Zia laughs again. "It's possible you never minded because you didn't have to deal with the same parents for two semesters, hmm? There's only so much banshee-ing I can take before I'm spending my after-work hours every day with a pint of double fudge brownie, trying to hug the tortoise. Not very cuddly pets, tortoises. But they have more personality than you'd think." Zia's smile softens a bit, and she shifts to turn her shoulders towards the poet. "Mattered? You still matter, Mr Amichai. Probably now more than ever before. What other great thinkers and artists do we have with us? None that I know of."

"Quite possible, I'm sure," Timon replies. "Much easier to thumb your nose at authority when you aren't actually *beholden* to authority. But, I appreciate you fighting the good fight for free speech and broader minds." He doesn't look at her as she says that last. He looks on point of disagreeing. But he just frowns, sighing. "None of that I know of. So much culture, so much civilization, wiped out in the blink of an eye…the explosion of a nuclear bomb…makes you wonder what's left of us at all…"

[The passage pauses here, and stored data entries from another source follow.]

(* Assume the standing setting and let $u$ be an entropy solution of (E). Then for a.e. $(t,x)\in Q$, $$\min\Big\{\operatorname*{ess\,inf}_{\Omega}u_0,\ \operatorname*{ess\,inf}_{Q^c}u^c\Big\}\le u(t,x)\le\max\Big\{\operatorname*{ess\,sup}_{\Omega}u_0,\ \operatorname*{ess\,sup}_{Q^c}u^c\Big\}.$$
   Context: Standing setting. Let $d\ge1$, $T>0$. $\Omega\subset\mathbb{R}^d$ is open, bounded, with $C^2$ boundary; $\sigma$ denotes $(d-1)$-dimensional Hausdorff measure on $\partial\Omega$. Set $Q=(0,T)\times\Omega$, $\Omega^c=\mathbb{R}^d\setminus\Omega$, $Q^c=(0,T)\times\Omega^c$, $\Gamma=(0,T)\times\partial\Omega$, $M=(0,T)\times\mathbb{R}^d$. Data: $f\in W^{1,\infty}_{loc}(\mathbb{R};\mathbb{R}^d)$; $b\in W^{1,\infty}_{loc}(\mathbb{R};\mathbb{R})$ nondecreasing, with $b'$ of locally bounded variation; $u^c\in C^2\cap L^\infty(Q^c)$ with a fixed extension $\bar u^c\in C^2\cap L^\infty([0,T]\times\mathbb{R}^d)$; $u_0\in L^\infty(\Omega)$; $\mu$ a symmetric nonnegative Radon measure on $\mathbb{R}^d\setminus\{0\}$ with $\int(|z|^2\wedge1)\,d\mu<\infty$. $L_f$ is a fixed Lipschitz constant of $f$ on a bounded interval containing the essential ranges of $u_0$, $\bar u^c$ and the solutions considered. Operators: $\mathcal L^{\ge r}[\phi](x)=\int_{|z|\ge r}(\phi(x+z)-\phi(x))\,d\mu(z)$ for bounded Borel $\phi$; $\mathcal L^{<r}[\phi](x)=\lim_{\epsilon\to0}\int_{\epsilon<|z|<r}(\phi(x+z)-\phi(x))\,d\mu(z)$ for $\phi\in C^2_c$; they act in $x$ on functions of $(t,x)$. Notation: $a^\pm$ positive/negative parts; $\mathrm{sgn}^\pm(a)=\pm1$ if $\pm a>0$, else $0$; $F^\pm(u,k)=\mathrm{sgn}^\pm(u-k)(f(u)-f(k))$. Problem (E): $\partial_tu+\mathrm{div}(f(u))=\mathcal L[b(u)]$ in $Q$, $u=u^c$ in $Q^c$, $u(0,\cdot)=u_0$. Definition (entropy solution). A Borel $u\in L^\infty(M)$ is an entropy solution of (E) if: (a) for all $r>0$, $k\in\mathbb{R}$, $0\le\varphi\in C^\infty_c([0,T)\times\mathbb{R}^d)$ and sign $\pm$ with $(b(u^c)-b(k))^\pm\varphi=0$ a.e. in $Q^c$, $$-\int_Q\big((u-k)^\pm\partial_t\varphi+F^\pm(u,k)\cdot\nabla\varphi\big)-\int_Q\mathcal L^{\ge r}[b(u)]\mathrm{sgn}^\pm(u-k)\varphi-\int_M(b(u)-b(k))^\pm\mathcal L^{<r}[\varphi]\le\int_\Omega(u_0-k)^\pm\varphi(0,\cdot)\,dx+L_f\int_\Gamma(\bar u^c-k)^\pm\varphi\,d\sigma\,dt;$$ (b) $u=u^c$ a.e. in $Q^c$. *)

theory Defs
  imports "HOL-Analysis.Analysis"
begin

coinductive smooth_fun :: "('a::real_normed_vector \<Rightarrow> real) \<Rightarrow> bool" where
  "(\<And>x. (f has_derivative f' x) (at x)) \<Longrightarrow> (\<And>v. smooth_fun (\<lambda>x. f' x v)) \<Longrightarrow> smooth_fun f"

definition C2_on :: "'a::real_normed_vector set \<Rightarrow> ('a \<Rightarrow> real) \<Rightarrow> bool" where
  "C2_on U g \<longleftrightarrow> (\<exists>(D :: 'a \<Rightarrow> ('a \<Rightarrow>\<^sub>L real)) (D2 :: 'a \<Rightarrow> ('a \<Rightarrow>\<^sub>L ('a \<Rightarrow>\<^sub>L real))).
     (\<forall>x\<in>U. (g has_derivative blinfun_apply (D x)) (at x) \<and>
             (D has_derivative blinfun_apply (D2 x)) (at x)) \<and> continuous_on U D2)"

definition C2_boundary :: "'a::euclidean_space set \<Rightarrow> bool" where
  "C2_boundary \<Omega> \<longleftrightarrow> (\<forall>p\<in>frontier \<Omega>. \<exists>U \<rho>. open U \<and> p \<in> U \<and> C2_on U \<rho> \<and>
      (\<forall>x\<in>U. x \<in> \<Omega> \<longleftrightarrow> \<rho> x < 0) \<and> frechet_derivative \<rho> (at p) \<noteq> (\<lambda>h. 0))"

text \<open>W^{1,infinity}_loc(R) = locally Lipschitz.\<close>
definition loc_lipschitz :: "(real \<Rightarrow> 'b::metric_space) \<Rightarrow> bool" where
  "loc_lipschitz g \<longleftrightarrow> (\<forall>a c. \<exists>L. lipschitz_on L {a..c} g)"

definition loc_bounded_variation :: "(real \<Rightarrow> real) \<Rightarrow> bool" where
  "loc_bounded_variation g \<longleftrightarrow> (\<forall>a c. \<exists>V. \<forall>(n::nat) (xs :: nat \<Rightarrow> real).
      (\<forall>i\<le>n. xs i \<in> {a..c}) \<and> (\<forall>i<n. xs i \<le> xs (Suc i)) \<longrightarrow>
      (\<Sum>i<n. \<bar>g (xs (Suc i)) - g (xs i)\<bar>) \<le> V)"

text \<open>b' (the a.e. derivative of the locally Lipschitz b) has a representative of locally
bounded variation.\<close>
definition deriv_loc_bv :: "(real \<Rightarrow> real) \<Rightarrow> bool" where
  "deriv_loc_bv b \<longleftrightarrow> (\<exists>g. (\<forall>x y. x \<le> y \<longrightarrow> (g has_integral (b y - b x)) {x..y}) \<and>
      loc_bounded_variation g)"

definition unit_ball_vol :: "nat \<Rightarrow> real" where
  "unit_ball_vol s = pi powr (real s / 2) / Gamma (real s / 2 + 1)"

definition hausdorff_outer :: "nat \<Rightarrow> 'a::metric_space set \<Rightarrow> ennreal" where
  "hausdorff_outer s A = (SUP \<delta>\<in>{0<..}. INF C\<in>{C :: nat \<Rightarrow> 'a set.
       A \<subseteq> (\<Union>i. C i) \<and> (\<forall>i. bounded (C i) \<and> diameter (C i) \<le> \<delta>)}.
       (\<Sum>i. ennreal (if C i = {} then 0
                        else unit_ball_vol s / 2 ^ s * diameter (C i) ^ s)))"

definition surface_measure :: "'a::euclidean_space set \<Rightarrow> 'a measure" where
  "surface_measure \<Omega> = measure_of (frontier \<Omega>) {B \<inter> frontier \<Omega> | B. B \<in> sets borel}
      (hausdorff_outer (DIM('a) - 1))"

definition ess_sup_on :: "'a::euclidean_space set \<Rightarrow> ('a \<Rightarrow> real) \<Rightarrow> ereal" where
  "ess_sup_on A g = Inf {z. AE x in lebesgue. x \<in> A \<longrightarrow> ereal (g x) \<le> z}"

definition ess_inf_on :: "'a::euclidean_space set \<Rightarrow> ('a \<Rightarrow> real) \<Rightarrow> ereal" where
  "ess_inf_on A g = Sup {z. AE x in lebesgue. x \<in> A \<longrightarrow> z \<le> ereal (g x)}"

section \<open>Signs, parts, fluxes (pos = True is the + case, pos = False the - case)\<close>

definition ppart :: "bool \<Rightarrow> real \<Rightarrow> real" where
  "ppart pos a = (if pos then max a 0 else max (- a) 0)"

definition sgnpm :: "bool \<Rightarrow> real \<Rightarrow> real" where
  "sgnpm pos a = (if pos then (if a > 0 then 1 else 0) else (if a < 0 then -1 else 0))"

definition Fpm :: "bool \<Rightarrow> (real \<Rightarrow> 'a::real_vector) \<Rightarrow> real \<Rightarrow> real \<Rightarrow> 'a" where
  "Fpm pos f v k = sgnpm pos (v - k) *\<^sub>R (f v - f k)"

definition cylQ :: "real \<Rightarrow> 'a set \<Rightarrow> (real \<times> 'a) set" where
  "cylQ T \<Omega> = {p. 0 < fst p \<and> fst p < T \<and> snd p \<in> \<Omega>}"

definition cylQc :: "real \<Rightarrow> 'a set \<Rightarrow> (real \<times> 'a) set" where
  "cylQc T \<Omega> = {p. 0 < fst p \<and> fst p < T \<and> snd p \<notin> \<Omega>}"

definition cylM :: "real \<Rightarrow> (real \<times> 'a) set" where
  "cylM T = {p. 0 < fst p \<and> fst p < T}"

definition Lge :: "'a::euclidean_space measure \<Rightarrow> real \<Rightarrow> ('a \<Rightarrow> real) \<Rightarrow> 'a \<Rightarrow> real" where
  "Lge \<mu> r \<phi> x = (LINT z:{z. r \<le> norm z}|\<mu>. \<phi> (x + z) - \<phi> x)"

definition Llt :: "'a::euclidean_space measure \<Rightarrow> real \<Rightarrow> ('a \<Rightarrow> real) \<Rightarrow> 'a \<Rightarrow> real" where
  "Llt \<mu> r \<phi> x = Lim (at_right 0)
      (\<lambda>\<epsilon>. LINT z:{z. \<epsilon> < norm z \<and> norm z < r}|\<mu>. \<phi> (x + z) - \<phi> x)"

definition test_fn :: "real \<Rightarrow> (real \<times> 'a::euclidean_space \<Rightarrow> real) \<Rightarrow> bool" where
  "test_fn T \<phi> \<longleftrightarrow> smooth_fun \<phi> \<and> compact (closure {p. \<phi> p \<noteq> 0}) \<and>
     closure {p. \<phi> p \<noteq> 0} \<subseteq> {p. fst p < T} \<and>
     (\<forall>p. 0 \<le> fst p \<longrightarrow> fst p < T \<longrightarrow> 0 \<le> \<phi> p)"

definition entropy_solution ::
  "'a::euclidean_space set \<Rightarrow> real \<Rightarrow> (real \<Rightarrow> 'a) \<Rightarrow> (real \<Rightarrow> real) \<Rightarrow> 'a measure \<Rightarrow>
   (real \<times> 'a \<Rightarrow> real) \<Rightarrow> ('a \<Rightarrow> real) \<Rightarrow> real \<Rightarrow> (real \<times> 'a \<Rightarrow> real) \<Rightarrow> bool" where
  "entropy_solution \<Omega> T f b \<mu> uc u0 Lf u \<longleftrightarrow>
     u \<in> borel_measurable borel \<and>
     (\<exists>C. AE p in lebesgue. p \<in> cylM T \<longrightarrow> \<bar>u p\<bar> \<le> C) \<and>
     (\<forall>r>0. \<forall>k. \<forall>\<phi>. \<forall>pos.
        test_fn T \<phi> \<and>
        (AE p in lebesgue. p \<in> cylQc T \<Omega> \<longrightarrow> ppart pos (b (uc p) - b k) * \<phi> p = 0) \<longrightarrow>
        - (LINT p:cylQ T \<Omega>|lebesgue.
              ppart pos (u p - k) * frechet_derivative \<phi> (at p) (1, 0)
            + frechet_derivative \<phi> (at p) (0, Fpm pos f (u p) k))
        - (LINT p:cylQ T \<Omega>|lebesgue.
              Lge \<mu> r (\<lambda>y. b (u (fst p, y))) (snd p) * sgnpm pos (u p - k) * \<phi> p)
        - (LINT p:cylM T|lebesgue.
              ppart pos (b (u p) - b k) * Llt \<mu> r (\<lambda>y. \<phi> (fst p, y)) (snd p))
        \<le> (LINT x:\<Omega>|lebesgue. ppart pos (u0 x - k) * \<phi> (0, x))
          + Lf * (LINT t:{0<..<T}|lborel.
                    (LINT x|surface_measure \<Omega>. ppart pos (uc (t, x) - k) * \<phi> (t, x)))) \<and>
     (AE p in lebesgue. p \<in> cylQc T \<Omega> \<longrightarrow> u p = uc p)"

end

theory Submission
  imports Defs "HOL-Computational_Algebra.Polynomial"
begin

text \<open>
  Take a level \<open>k\<close> above the essential suprema of \<open>u\<^sub>0\<close> and \<open>u\<^sup>c\<close> (the lower bound is
  symmetric) and test the entropy inequality for \<open>(u - k)\<^sup>+\<close> with \<open>\<phi>(t, x) = \<chi>(t) \<psi>(x)\<close>,
  where \<open>\<chi>\<close> decreases smoothly from 1 to 0 on a time interval \<open>[s\<^sub>1, s\<^sub>2]\<close> and \<open>\<psi> = 1\<close> on a
  large ball.  The initial term vanishes, and so does the lateral boundary term: \<open>u\<^sup>c\<close> is
  continuous and, by the \<open>C\<^sup>2\<close> boundary, every neighbourhood of a point of \<open>\<partial>\<Omega>\<close> contains an
  open piece of the exterior, where \<open>u\<^sup>c \<le> k\<close> a.e.  The flux term vanishes because \<open>\<phi>\<close> does
  not depend on \<open>x\<close> over \<open>\<Omega>\<close>, and so does the small-jump term, since \<open>\<psi>\<close> is locally
  constant near \<open>\<Omega>\<close> while \<open>(b(u) - b(k))\<^sup>+ = 0\<close> outside.  Long jumps leave \<open>\<Omega>\<close>,
  where \<open>u \<le> k\<close>, so by monotonicity of \<open>b\<close> the large-jump term has a sign.  What is
  left is \<open>\<integral>\<^sub>Q (u - k)\<^sup>+ \<chi>'(t) \<ge> 0\<close> with \<open>\<chi>' < 0\<close> on \<open>(s\<^sub>1, s\<^sub>2)\<close>, so \<open>u \<le> k\<close> a.e. there.
\<close>

section \<open>Smooth functions generated by \<open>exp (- 1 / t)\<close>\<close>

definition exp_inv_poly :: "real poly \<Rightarrow> real \<Rightarrow> real" where
  "exp_inv_poly P t = (if 0 < t then poly P (inverse t) * exp (- inverse t) else 0)"

text \<open>\<open>d/dt (P(1/t) exp(-1/t)) = (P - P')(1/t) exp(-1/t) / t\<^sup>2\<close>\<close>

definition exp_inv_deriv_poly :: "real poly \<Rightarrow> real poly" where
  "exp_inv_deriv_poly P = (P - pderiv P) * [:0, 0, 1:]"

lemma tendsto_poly_times_exp_neg_at_top: "((\<lambda>y. poly P y * exp (- y)) \<longlongrightarrow> (0::real)) at_top"
proof -
  have "((\<lambda>y. \<Sum>i\<le>degree P. coeff P i * (y ^ i / exp y)) \<longlongrightarrow> (\<Sum>i\<le>degree P. coeff P i * 0)) at_top"
    by (intro tendsto_sum tendsto_mult tendsto_const tendsto_power_div_exp_0)
  then show ?thesis
    by (simp add: poly_altdef sum_distrib_right exp_minus divide_inverse mult.assoc)
qed

lemma tendsto_exp_inv_poly_at_0: "(exp_inv_poly P \<longlongrightarrow> 0) (at 0)"
proof (rule filterlim_split_at)
  have "eventually (\<lambda>t. exp_inv_poly P t = 0) (at_left (0::real))"
    by (rule eventually_mono[OF eventually_at_left_real[of "-1"]]) (auto simp: exp_inv_poly_def)
  then show "(exp_inv_poly P \<longlongrightarrow> 0) (at_left 0)"
    by (rule tendsto_eventually)
  have "((\<lambda>t. poly P (inverse t) * exp (- inverse t)) \<longlongrightarrow> 0) (at_right 0)"
    using tendsto_poly_times_exp_neg_at_top[of P] by (simp add: filterlim_at_right_to_top)
  then show "(exp_inv_poly P \<longlongrightarrow> 0) (at_right 0)"
    by (rule Lim_transform_eventually)
       (auto intro: eventually_mono[OF eventually_at_right_real[of 0 1]] simp: exp_inv_poly_def)
qed
(* Let $(M,ds^2)$ be an $n$-dimensional Riemannian manifold, $1\le p\le n$. For every $x\in M$ and every $p$-form $g$ at $x$, $$p(n-p)\lambda_{\mathfrak R}(x)|g|^2\le\sum_{i_1<\cdots<i_p}\langle\mathfrak R\xi^g_{i_1\cdots i_p},\xi^g_{i_1\cdots i_p}\rangle\le p(n-p)\Lambda_{\mathfrak R}(x)|g|^2.$$
   Context: Local orthonormal frame $e_i$ with dual coframe $\omega^i$, summation convention; $g=\sum_{i_1<\dots<i_p}g_{i_1\cdots i_p}\omega^{i_1}\wedge\dots\wedge\omega^{i_p}$ with antisymmetrically extended coefficients. Curvature: $R_{XY}=D_XD_Y-D_YD_X-D_{[X,Y]}$ for the Levi-Civita connection $D$, $R_{ijk\ell}=\langle R_{e_ie_j}e_k,e_\ell\rangle$, and the curvature operator $\mathfrak R$ on $2$-forms is the self-adjoint map $\mathfrak R(\omega^i\wedge\omega^j)=R_{ij\ell k}\,\omega^k\wedge\omega^\ell$; $\lambda_{\mathfrak R}(x)$ and $\Lambda_{\mathfrak R}(x)$ are its smallest and largest eigenvalues at $x$. For $i_1<\dots<i_p$, $\xi^g_{i_1\cdots i_p}:=\sum_{a=1}^p\sum_{i=1}^n g_{i_1\cdots(i)_a\cdots i_p}\,\omega^i\wedge\omega^{i_a}$, where $(i)_a$ means the index in the $a$-th slot is replaced by $i$. *)

theory Defs
  imports Complex_Main
begin

(* Pointwise data at x in an n-dimensional Riemannian manifold, w.r.t. an orthonormal
   frame e_0..e_{n-1}.  Indices are 0..n-1.  R i j k l = R_{ijkl} = <R_{e_i e_j} e_k, e_l>. *)

definition curvature_tensor :: "nat \<Rightarrow> (nat \<Rightarrow> nat \<Rightarrow> nat \<Rightarrow> nat \<Rightarrow> real) \<Rightarrow> bool" where
  "curvature_tensor n R \<longleftrightarrow>
     (\<forall>i<n. \<forall>j<n. \<forall>k<n. \<forall>l<n.
        R i j k l = - R j i k l \<and> R i j k l = - R i j l k \<and> R i j k l = R k l i j \<and>
        R i j k l + R j k i l + R k i j l = 0)"

(* A 2-form is represented by its antisymmetrically extended coefficient function a,
   i.e. sum_{k<l} a k l w^k /\ w^l. *)
definition two_form :: "nat \<Rightarrow> (nat \<Rightarrow> nat \<Rightarrow> real) \<Rightarrow> bool" where
  "two_form n a \<longleftrightarrow> (\<forall>k<n. \<forall>l<n. a k l = - a l k)"

(* Coefficients (antisymmetrically extended) of  sum_{k,l} c k l  w^k /\ w^l. *)
definition wedge_coeffs :: "(nat \<Rightarrow> nat \<Rightarrow> real) \<Rightarrow> nat \<Rightarrow> nat \<Rightarrow> real" where
  "wedge_coeffs c k l = c k l - c l k"

(* Curvature operator: R(w^i /\ w^j) = R_{ijlk} w^k /\ w^l, extended linearly. *)
definition curv_op :: "nat \<Rightarrow> (nat \<Rightarrow> nat \<Rightarrow> nat \<Rightarrow> nat \<Rightarrow> real) \<Rightarrow>
    (nat \<Rightarrow> nat \<Rightarrow> real) \<Rightarrow> nat \<Rightarrow> nat \<Rightarrow> real" where
  "curv_op n R a = wedge_coeffs (\<lambda>k l. \<Sum>i<n. \<Sum>j<n. (if i < j then a i j * R i j l k else 0))"

definition inner2 :: "nat \<Rightarrow> (nat \<Rightarrow> nat \<Rightarrow> real) \<Rightarrow> (nat \<Rightarrow> nat \<Rightarrow> real) \<Rightarrow> real" where
  "inner2 n a b = (\<Sum>k<n. \<Sum>l<n. (if k < l then a k l * b k l else 0))"

definition curv_eigenvalues :: "nat \<Rightarrow> (nat \<Rightarrow> nat \<Rightarrow> nat \<Rightarrow> nat \<Rightarrow> real) \<Rightarrow> real set" where
  "curv_eigenvalues n R = {\<mu>. \<exists>a. two_form n a \<and> (\<exists>k<n. \<exists>l<n. k < l \<and> a k l \<noteq> 0) \<and>
       (\<forall>k<n. \<forall>l<n. curv_op n R a k l = \<mu> * a k l)}"
lemma concl_mk_cut[simp]: "concl (mk_cut A p q) = (concl p - {#A#}) + (concl q - {#dual A#})"
  by (simp add: mk_cut_def)

lemma valid_gen_wk_list:
  "valid_gen d \<Longrightarrow> valid_gen (wk_list ws d) \<and> concl (wk_list ws d) = concl d + image_mset Wn (mset ws)"
  by (induct ws) (auto simp: Let_def)

lemma valid_gen_abs_list:
  "valid_gen d \<Longrightarrow> concl d = mset ws + image_mset Wn (mset ws) + \<Delta> \<Longrightarrow>
     valid_gen (abs_list ws d) \<and> concl (abs_list ws d) = image_mset Wn (mset ws) + \<Delta>"
proof (induct ws arbitrary: \<Delta>)
  case (Cons w ws)
  then have "valid_gen (abs_list ws d) \<and> concl (abs_list ws d) = image_mset Wn (mset ws) + ({#w, Wn w#} + \<Delta>)"
    by (simp add: ac_simps)
  then show ?case by (auto simp: Let_def)
qed simp

lemma valid_gen_cut_swap:
  "valid_gen (Der (RCut (dual A)) G [D2, D1]) \<longleftrightarrow> valid_gen (Der (RCut A) G [D1, D2])"
  by (auto simp: valid_gen_cut_iff ac_simps)

lemma image_mset_Wn_eq_iff[simp]: "image_mset Wn X = image_mset Wn Y \<longleftrightarrow> X = Y"
proof -
  have "inj Wn"
    by (rule injI) simp
  then show ?thesis
    by (metis multiset.inj_map inj_eq)
qed
definition pv :: "real \<Rightarrow> int \<Rightarrow> complex" where "pv s k = of_int k + complex_of_real s"
definition tws :: "real \<Rightarrow> int" where "tws s = \<lfloor>2 * s\<rfloor>"

fun br :: "real \<Rightarrow> complex \<Rightarrow> bas \<Rightarrow> bas \<Rightarrow> vec" where
  "br s la (L m) (L n) = smul (of_int (m - n)) (bv (L (m + n)))"
| "br s la (L m) (I n) = smul (of_int (m - n)) (bv (I (m + n)))"
| "br s la (I n) (L m) = smul (- of_int (m - n)) (bv (I (m + n)))"
| "br s la (L m) (H k) = smul (of_int m / 2 - pv s k) (bv (H (m + k)))"
| "br s la (H k) (L m) = smul (- (of_int m / 2 - pv s k)) (bv (H (m + k)))"
| "br s la (L m) (G k) = smul (of_int m / 2 - pv s k) (bv (G (m + k)))
                         + smul (la * (of_int m + 1)) (bv (H (m + k)))"
| "br s la (G k) (L m) = smul (- (of_int m / 2 - pv s k)) (bv (G (m + k)))
                         + smul (- (la * (of_int m + 1))) (bv (H (m + k)))"
| "br s la (I m) (G k) = smul (of_int m - 2 * pv s k) (bv (H (m + k)))"
| "br s la (G k) (I m) = smul (- (of_int m - 2 * pv s k)) (bv (H (m + k)))"
| "br s la (G k) (G l) = bv (I (k + l + tws s))"
| "br s la _ _ = 0"

definition brk :: "real \<Rightarrow> complex \<Rightarrow> vec \<Rightarrow> vec \<Rightarrow> vec" where
  "brk s la x y = (\<lambda>c. \<Sum>b1\<in>supp x. \<Sum>b2\<in>supp y. x b1 * y b2 * br s la b1 b2 c)"

definition hom :: "bool \<Rightarrow> vec \<Rightarrow> bool" where
  "hom p x \<longleftrightarrow> x \<in> V \<and> (\<forall>b. x b \<noteq> 0 \<longrightarrow> par b = p)"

"Nothing will be left if we don't build it, Mr Amichai," Zia says, quietly. "Trite, but true. What's left of us is human, and all the good and bad that entails. What's left is humor and sadness, selfishness and cruelty, love and laughter. All the same building-blocks we've always had, with which we construct our paintings and poetry, our music and our lives." A ghost of a smile, "There's a lot of work to be done if the next generation of people is ever going to know things like why 'a leaf of grass is no less than the journey-work of the stars.'"

Timon smiles, though it's not a particularly happy smile. "You've read 'A Thousand Lyrics of Night', then. My best work. I never was anything on Kataris. Frak, I never managed to be better than myself at twenty-eight…" He sighs. Standing. "I've got…well. I'd say I had an appointment, but I'd be lying. None of us have appointments anymore. I should go find you Licho Ren. He would've been another Kataris. In five years. Easily. But now he's gone…and all we're left with is a few rough short stories, and the promise of a genius that'll never be. Anyhow." He clears his throat. "It was a true pleasure to meet you, Miss Zia Meridian."

Zia amiles, a bittersweet expression where the sweet is actually edging out the bitter, and makes no moves to stop him. "Don't give up, Mr Amichai," the teacher says, simply. "It's a long night ahead of us yet, and we'll be needing more lyrics to see it through."

"Night's an end, my dear," Timon says. "Not a beginning. However long it is, it's a sign something's near-over. Thank you for your time. I haven't talked literature with a soul like yours in quite some time. It was…well. Something, at least." With that, he shuffles off. Most likely in search of something to drink.